**BRIEF**
Below are entries. Pull out all lines containing "True".
INPUT DATA: Begin
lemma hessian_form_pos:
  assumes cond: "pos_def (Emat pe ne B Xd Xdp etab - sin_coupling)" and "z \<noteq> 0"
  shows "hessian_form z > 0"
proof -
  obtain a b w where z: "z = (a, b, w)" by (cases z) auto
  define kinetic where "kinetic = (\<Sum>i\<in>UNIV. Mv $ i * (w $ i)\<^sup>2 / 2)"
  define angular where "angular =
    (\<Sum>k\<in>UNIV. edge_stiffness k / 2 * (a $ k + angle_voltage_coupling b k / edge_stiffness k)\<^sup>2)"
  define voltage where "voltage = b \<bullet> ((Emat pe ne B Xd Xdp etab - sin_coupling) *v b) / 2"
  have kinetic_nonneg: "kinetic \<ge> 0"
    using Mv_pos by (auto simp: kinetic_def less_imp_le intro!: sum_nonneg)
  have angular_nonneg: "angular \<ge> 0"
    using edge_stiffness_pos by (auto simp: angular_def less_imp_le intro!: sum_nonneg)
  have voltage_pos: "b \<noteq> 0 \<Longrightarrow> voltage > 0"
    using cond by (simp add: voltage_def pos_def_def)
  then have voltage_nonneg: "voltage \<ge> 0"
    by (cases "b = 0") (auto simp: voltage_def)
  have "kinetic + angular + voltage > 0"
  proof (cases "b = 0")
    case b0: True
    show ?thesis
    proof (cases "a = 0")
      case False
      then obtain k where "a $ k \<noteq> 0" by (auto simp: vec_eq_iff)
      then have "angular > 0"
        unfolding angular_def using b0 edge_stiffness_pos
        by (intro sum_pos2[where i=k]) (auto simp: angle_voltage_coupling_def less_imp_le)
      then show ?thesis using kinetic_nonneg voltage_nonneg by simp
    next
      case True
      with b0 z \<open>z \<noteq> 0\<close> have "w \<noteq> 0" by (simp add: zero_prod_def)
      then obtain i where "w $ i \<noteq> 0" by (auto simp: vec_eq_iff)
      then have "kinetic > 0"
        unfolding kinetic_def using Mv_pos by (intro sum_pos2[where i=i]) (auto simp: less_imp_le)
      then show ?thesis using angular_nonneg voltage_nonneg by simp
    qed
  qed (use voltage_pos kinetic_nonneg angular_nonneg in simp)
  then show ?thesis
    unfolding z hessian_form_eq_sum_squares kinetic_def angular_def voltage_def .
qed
INPUT DATA: End
INPUT DATA: Begin
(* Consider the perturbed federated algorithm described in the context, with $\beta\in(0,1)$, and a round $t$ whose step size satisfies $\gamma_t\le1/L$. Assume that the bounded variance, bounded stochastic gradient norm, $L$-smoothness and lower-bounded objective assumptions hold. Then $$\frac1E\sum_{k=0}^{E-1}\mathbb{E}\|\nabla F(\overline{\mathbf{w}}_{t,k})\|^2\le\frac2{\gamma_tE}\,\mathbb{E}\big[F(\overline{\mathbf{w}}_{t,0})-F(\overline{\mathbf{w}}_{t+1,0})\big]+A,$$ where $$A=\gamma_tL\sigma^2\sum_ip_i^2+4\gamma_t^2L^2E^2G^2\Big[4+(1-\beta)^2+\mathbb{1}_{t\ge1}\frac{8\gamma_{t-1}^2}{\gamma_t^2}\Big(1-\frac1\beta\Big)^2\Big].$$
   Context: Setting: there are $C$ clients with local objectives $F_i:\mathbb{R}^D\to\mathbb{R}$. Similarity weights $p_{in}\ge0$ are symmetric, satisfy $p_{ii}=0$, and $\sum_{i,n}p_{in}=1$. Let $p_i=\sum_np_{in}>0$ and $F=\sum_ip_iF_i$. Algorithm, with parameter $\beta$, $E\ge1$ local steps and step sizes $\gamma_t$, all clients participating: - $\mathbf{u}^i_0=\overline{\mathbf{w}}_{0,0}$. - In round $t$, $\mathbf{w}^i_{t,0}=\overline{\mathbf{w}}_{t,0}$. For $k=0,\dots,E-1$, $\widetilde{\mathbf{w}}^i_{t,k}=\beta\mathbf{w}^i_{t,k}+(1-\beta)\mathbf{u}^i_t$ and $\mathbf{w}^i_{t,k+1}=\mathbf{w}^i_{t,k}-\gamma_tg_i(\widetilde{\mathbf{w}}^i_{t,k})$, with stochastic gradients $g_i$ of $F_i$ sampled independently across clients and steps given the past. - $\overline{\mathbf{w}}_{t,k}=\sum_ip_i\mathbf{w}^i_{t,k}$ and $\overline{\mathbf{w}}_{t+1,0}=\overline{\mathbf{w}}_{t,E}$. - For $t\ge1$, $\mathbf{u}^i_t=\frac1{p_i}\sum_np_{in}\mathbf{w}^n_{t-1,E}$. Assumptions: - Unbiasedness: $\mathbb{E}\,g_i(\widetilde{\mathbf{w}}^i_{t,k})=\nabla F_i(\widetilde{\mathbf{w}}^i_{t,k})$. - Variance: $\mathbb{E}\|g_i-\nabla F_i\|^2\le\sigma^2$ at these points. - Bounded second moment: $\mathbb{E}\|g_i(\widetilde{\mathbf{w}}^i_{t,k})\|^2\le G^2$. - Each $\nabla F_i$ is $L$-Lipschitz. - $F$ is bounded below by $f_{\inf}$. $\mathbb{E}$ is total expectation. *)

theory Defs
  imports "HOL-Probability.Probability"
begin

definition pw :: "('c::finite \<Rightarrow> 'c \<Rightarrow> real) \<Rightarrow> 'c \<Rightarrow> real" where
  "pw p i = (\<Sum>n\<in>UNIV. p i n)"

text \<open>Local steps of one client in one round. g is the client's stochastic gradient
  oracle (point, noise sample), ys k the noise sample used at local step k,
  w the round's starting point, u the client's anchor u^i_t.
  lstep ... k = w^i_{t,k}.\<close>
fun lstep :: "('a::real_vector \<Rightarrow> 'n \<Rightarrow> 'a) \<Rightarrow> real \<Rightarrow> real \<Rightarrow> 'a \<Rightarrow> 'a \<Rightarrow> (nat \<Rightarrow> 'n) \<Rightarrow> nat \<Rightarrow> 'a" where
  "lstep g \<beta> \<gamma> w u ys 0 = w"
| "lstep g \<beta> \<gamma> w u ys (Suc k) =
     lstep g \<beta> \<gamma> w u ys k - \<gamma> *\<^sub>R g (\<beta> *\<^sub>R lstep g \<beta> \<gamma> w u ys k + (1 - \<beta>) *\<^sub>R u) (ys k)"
INPUT DATA: End
INPUT DATA: Begin
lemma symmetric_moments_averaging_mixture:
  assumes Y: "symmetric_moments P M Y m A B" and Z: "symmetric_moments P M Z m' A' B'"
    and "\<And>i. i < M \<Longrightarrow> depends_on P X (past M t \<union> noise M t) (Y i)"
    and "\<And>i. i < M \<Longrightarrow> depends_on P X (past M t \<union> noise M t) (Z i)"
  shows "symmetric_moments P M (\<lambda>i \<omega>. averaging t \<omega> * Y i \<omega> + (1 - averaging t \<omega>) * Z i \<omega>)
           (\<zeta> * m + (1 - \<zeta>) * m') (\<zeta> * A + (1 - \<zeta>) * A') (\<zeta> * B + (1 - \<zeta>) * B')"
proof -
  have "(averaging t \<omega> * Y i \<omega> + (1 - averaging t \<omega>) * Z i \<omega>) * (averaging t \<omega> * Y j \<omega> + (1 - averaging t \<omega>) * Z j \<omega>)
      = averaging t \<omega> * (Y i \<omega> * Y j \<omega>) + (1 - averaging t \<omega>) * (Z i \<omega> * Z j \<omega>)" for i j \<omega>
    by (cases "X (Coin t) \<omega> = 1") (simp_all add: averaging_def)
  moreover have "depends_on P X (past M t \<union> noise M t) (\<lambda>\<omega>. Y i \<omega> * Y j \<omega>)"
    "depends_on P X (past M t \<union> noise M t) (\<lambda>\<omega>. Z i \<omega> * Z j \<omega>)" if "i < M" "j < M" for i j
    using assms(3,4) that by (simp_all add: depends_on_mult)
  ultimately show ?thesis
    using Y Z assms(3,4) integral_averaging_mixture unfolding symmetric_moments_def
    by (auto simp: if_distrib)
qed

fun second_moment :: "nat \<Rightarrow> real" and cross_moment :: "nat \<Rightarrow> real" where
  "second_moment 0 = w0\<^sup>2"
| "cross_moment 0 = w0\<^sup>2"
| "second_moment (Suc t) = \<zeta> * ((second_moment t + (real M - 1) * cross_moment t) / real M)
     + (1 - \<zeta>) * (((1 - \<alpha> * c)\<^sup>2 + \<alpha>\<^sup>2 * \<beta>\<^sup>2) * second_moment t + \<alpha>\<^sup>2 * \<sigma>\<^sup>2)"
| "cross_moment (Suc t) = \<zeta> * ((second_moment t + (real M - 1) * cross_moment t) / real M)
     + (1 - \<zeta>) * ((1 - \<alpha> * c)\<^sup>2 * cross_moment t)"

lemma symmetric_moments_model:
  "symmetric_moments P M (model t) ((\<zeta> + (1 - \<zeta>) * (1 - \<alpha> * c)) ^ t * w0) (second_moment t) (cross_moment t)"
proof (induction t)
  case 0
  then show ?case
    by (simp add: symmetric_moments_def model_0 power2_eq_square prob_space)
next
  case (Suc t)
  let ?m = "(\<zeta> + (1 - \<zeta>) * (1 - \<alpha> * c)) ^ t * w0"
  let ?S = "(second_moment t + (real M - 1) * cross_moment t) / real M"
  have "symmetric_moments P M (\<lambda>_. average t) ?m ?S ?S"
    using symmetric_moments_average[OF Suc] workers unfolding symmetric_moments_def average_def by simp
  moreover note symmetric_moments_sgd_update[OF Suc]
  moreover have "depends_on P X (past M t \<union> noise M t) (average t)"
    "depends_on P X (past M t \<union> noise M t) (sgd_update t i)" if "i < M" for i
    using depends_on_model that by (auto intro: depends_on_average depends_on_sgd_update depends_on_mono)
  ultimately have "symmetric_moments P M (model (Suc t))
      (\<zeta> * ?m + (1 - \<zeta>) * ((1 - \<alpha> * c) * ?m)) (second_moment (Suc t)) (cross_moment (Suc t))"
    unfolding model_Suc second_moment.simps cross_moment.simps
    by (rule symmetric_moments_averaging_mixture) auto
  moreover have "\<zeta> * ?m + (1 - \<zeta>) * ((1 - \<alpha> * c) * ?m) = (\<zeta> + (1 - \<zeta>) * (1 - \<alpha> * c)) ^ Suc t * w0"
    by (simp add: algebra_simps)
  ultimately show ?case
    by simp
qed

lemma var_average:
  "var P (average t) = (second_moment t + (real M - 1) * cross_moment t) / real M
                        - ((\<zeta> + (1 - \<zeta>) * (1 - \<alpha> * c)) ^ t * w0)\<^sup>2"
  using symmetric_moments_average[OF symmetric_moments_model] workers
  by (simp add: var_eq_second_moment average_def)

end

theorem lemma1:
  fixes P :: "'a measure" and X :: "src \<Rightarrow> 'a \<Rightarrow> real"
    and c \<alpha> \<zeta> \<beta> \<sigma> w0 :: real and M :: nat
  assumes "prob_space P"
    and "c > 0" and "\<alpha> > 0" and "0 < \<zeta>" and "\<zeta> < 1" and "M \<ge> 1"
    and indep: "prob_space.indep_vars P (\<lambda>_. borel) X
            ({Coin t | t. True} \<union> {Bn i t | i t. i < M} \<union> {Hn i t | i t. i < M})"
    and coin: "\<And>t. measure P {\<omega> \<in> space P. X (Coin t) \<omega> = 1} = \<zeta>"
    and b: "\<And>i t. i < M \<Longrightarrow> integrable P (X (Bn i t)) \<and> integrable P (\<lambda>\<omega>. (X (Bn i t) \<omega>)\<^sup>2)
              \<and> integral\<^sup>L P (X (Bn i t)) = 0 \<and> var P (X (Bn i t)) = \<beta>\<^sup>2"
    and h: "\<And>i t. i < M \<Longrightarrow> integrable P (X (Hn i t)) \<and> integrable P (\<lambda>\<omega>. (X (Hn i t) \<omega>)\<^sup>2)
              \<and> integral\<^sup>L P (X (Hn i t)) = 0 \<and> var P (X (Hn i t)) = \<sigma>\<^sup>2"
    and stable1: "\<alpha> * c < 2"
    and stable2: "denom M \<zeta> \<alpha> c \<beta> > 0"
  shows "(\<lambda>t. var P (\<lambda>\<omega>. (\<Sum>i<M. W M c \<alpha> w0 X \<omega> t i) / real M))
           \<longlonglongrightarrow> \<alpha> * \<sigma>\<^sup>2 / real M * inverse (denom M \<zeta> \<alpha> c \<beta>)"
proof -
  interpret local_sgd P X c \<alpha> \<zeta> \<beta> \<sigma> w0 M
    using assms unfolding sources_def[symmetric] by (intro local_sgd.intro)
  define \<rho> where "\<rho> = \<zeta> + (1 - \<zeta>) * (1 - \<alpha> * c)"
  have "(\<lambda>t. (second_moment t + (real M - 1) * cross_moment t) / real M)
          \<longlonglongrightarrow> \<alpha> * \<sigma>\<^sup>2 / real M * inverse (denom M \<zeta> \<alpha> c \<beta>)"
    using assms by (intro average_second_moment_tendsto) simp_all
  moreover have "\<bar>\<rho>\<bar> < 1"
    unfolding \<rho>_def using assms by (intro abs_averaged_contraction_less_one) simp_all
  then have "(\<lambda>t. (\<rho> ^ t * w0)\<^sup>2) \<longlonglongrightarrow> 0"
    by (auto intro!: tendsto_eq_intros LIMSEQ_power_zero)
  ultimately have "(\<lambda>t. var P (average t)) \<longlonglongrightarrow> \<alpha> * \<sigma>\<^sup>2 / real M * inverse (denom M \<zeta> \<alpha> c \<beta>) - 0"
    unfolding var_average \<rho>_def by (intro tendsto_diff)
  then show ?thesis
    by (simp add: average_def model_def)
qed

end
INPUT DATA: End
**RESPONSE TO THE TASK**
    case b0: True
      case True
            ({Coin t | t. True} \<union> {Bn i t | i t. i < M} \<union> {Hn i t | i t. i < M})"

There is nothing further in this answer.